Отец и царица давно сами ушли в паркет, но, если им создавали условия, могли перебраться на стену и прыгали там, удлиняясь и растягивая себя.
Шторы на окнах расписаны были красными и синими Келдышами; лепные потолки представляли летящего в голубом пространстве пухлого отца Гагарина: Анна мирилась.
Через Алабина у нее была связь с бесконечностью, и бесконечно она могла повторять за кем-то, что вера – это кредит , а за гробом нас ждет «великое может быть».
Мичурин находил, что у нее вкусный рот, но Анна ни за что не отвечала. Она лишь ощущала, ждала, размышляла, и Иван Владимирович, приезжая, только понапрасну тревожил ее густым яблочным духом.

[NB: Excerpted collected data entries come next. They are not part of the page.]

lemma lorenz_interpolation:
  fixes s t :: "nat \<Rightarrow> real"
  assumes s_pos: "\<forall>i\<in>{1..d}. 0 < s i" and sum_s: "(\<Sum>i=1..d. s i) = 1"
    and "0 \<le> x" "x \<le> 1"
  shows "\<exists>\<pi> k \<theta>. bij_betw \<pi> {1..d} {1..d} \<and>
     (\<forall>i j. 1 \<le> i \<longrightarrow> i \<le> j \<longrightarrow> j \<le> d \<longrightarrow> t (\<pi> j) / s (\<pi> j) \<le> t (\<pi> i) / s (\<pi> i)) \<and>
     1 \<le> k \<and> k \<le> d \<and> 0 \<le> \<theta> \<and> \<theta> \<le> 1 \<and>
     x = (\<Sum>i=1..<k. s (\<pi> i)) + \<theta> * s (\<pi> k) \<and>
     lorenz d s t x = (\<Sum>i=1..<k. t (\<pi> i)) + \<theta> * t (\<pi> k)"
proof -
  define \<pi> where "\<pi> = (SOME \<pi>. bij_betw \<pi> {1..d} {1..d} \<and>
                  (\<forall>i j. 1 \<le> i \<longrightarrow> i \<le> j \<longrightarrow> j \<le> d \<longrightarrow>
                        t (\<pi> j) / s (\<pi> j) \<le> t (\<pi> i) / s (\<pi> i)))"
  have \<pi>: "bij_betw \<pi> {1..d} {1..d} \<and>
      (\<forall>i j. 1 \<le> i \<longrightarrow> i \<le> j \<longrightarrow> j \<le> d \<longrightarrow> t (\<pi> j) / s (\<pi> j) \<le> t (\<pi> i) / s (\<pi> i))"
    unfolding \<pi>_def using exists_sorting_bij[of d "\<lambda>i. t i / s i"] by (rule someI_ex)
  define X where "X = (\<lambda>k. \<Sum>i=1..k. s (\<pi> i))"
  define Y where "Y = (\<lambda>k. \<Sum>i=1..k. t (\<pi> i))"
  define k where "k = (LEAST k. 1 \<le> k \<and> k \<le> d \<and> x \<le> X k)"
  have lorenz_eq: "lorenz d s t x = Y (k - 1) + (x - X (k - 1)) / (X k - X (k - 1)) * (Y k - Y (k - 1))"
    unfolding lorenz_def Let_def \<pi>_def[symmetric] k_def X_def Y_def by (rule refl)
  have "X d = 1"
    unfolding X_def using sum.reindex_bij_betw[OF conjunct1[OF \<pi>], of s] sum_s by simp
  have "d \<noteq> 0" using sum_s by (cases "d = 0") auto
  have k: "1 \<le> k \<and> k \<le> d \<and> x \<le> X k"
    unfolding k_def by (rule LeastI[of _ d]) (use \<open>X d = 1\<close> \<open>d \<noteq> 0\<close> \<open>x \<le> 1\<close> in auto)
  have "s (\<pi> k) > 0" using k \<pi> s_pos by (auto simp: bij_betw_def)
  have X_k: "X k = X (k - 1) + s (\<pi> k)" and Y_k: "Y k = Y (k - 1) + t (\<pi> k)"
    unfolding X_def Y_def using k by (cases k; simp)+
  have "X (k - 1) \<le> x"
  proof (cases "k = 1")
    case True then show ?thesis using \<open>0 \<le> x\<close> by (simp add: X_def)
  next
    case False
    then have "\<not> (1 \<le> k - 1 \<and> k - 1 \<le> d \<and> x \<le> X (k - 1))"
      unfolding k_def by (intro not_less_Least) (use k in \<open>auto simp: k_def\<close>)
    then show ?thesis using k False by auto
  qed
  define \<theta> where "\<theta> = (x - X (k - 1)) / s (\<pi> k)"
  have "0 \<le> \<theta>" "\<theta> \<le> 1"
    using \<open>X (k - 1) \<le> x\<close> k X_k \<open>s (\<pi> k) > 0\<close> by (auto simp: \<theta>_def divide_simps)
  moreover have "x = X (k - 1) + \<theta> * s (\<pi> k)" using \<open>s (\<pi> k) > 0\<close> by (simp add: \<theta>_def)
  moreover have "lorenz d s t x = Y (k - 1) + \<theta> * t (\<pi> k)"
    using lorenz_eq X_k Y_k by (simp add: \<theta>_def)
  moreover have "{1..k - 1} = {1..<k}" using k by auto
  ultimately show ?thesis
    using \<pi> k by (intro exI[of _ \<pi>] exI[of _ k] exI[of _ \<theta>]) (simp add: X_def Y_def)
qed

Бог ли изгонит из нее демонов или они прогонят Бога?! – Этот вопрос для себя решал Толстой, но какую-то Анну следовало назвать иначе.
Он не желал и мало того: еще нескольких запавших ему дам крестил Аннами: им выдан был долгосрочный кредит доверия: хочешь – лежи на кровати, не хочешь – сиди в кресле или стой за шкафом.
Именно за зеркальным шкафом, хотел он думать, Анну ждет, может быть, —
Куда бы он ни приходил – везде преобладали Анны: празднично они беседовали, грациозно посмеивались; корсажи у иных обтянуты были стальными сетками и горели, как кирасы акробатов. Ему мелькали вдруг хрустальные талии. На плече полной Анны в темно-лиловом платье дрожал красный бант. Позже комнаты наполнились чем-то вроде облачков, полупрозрачных и бликующих, и только, как сквозь призму, можно было различить уже вдали: все Анны – графинчики!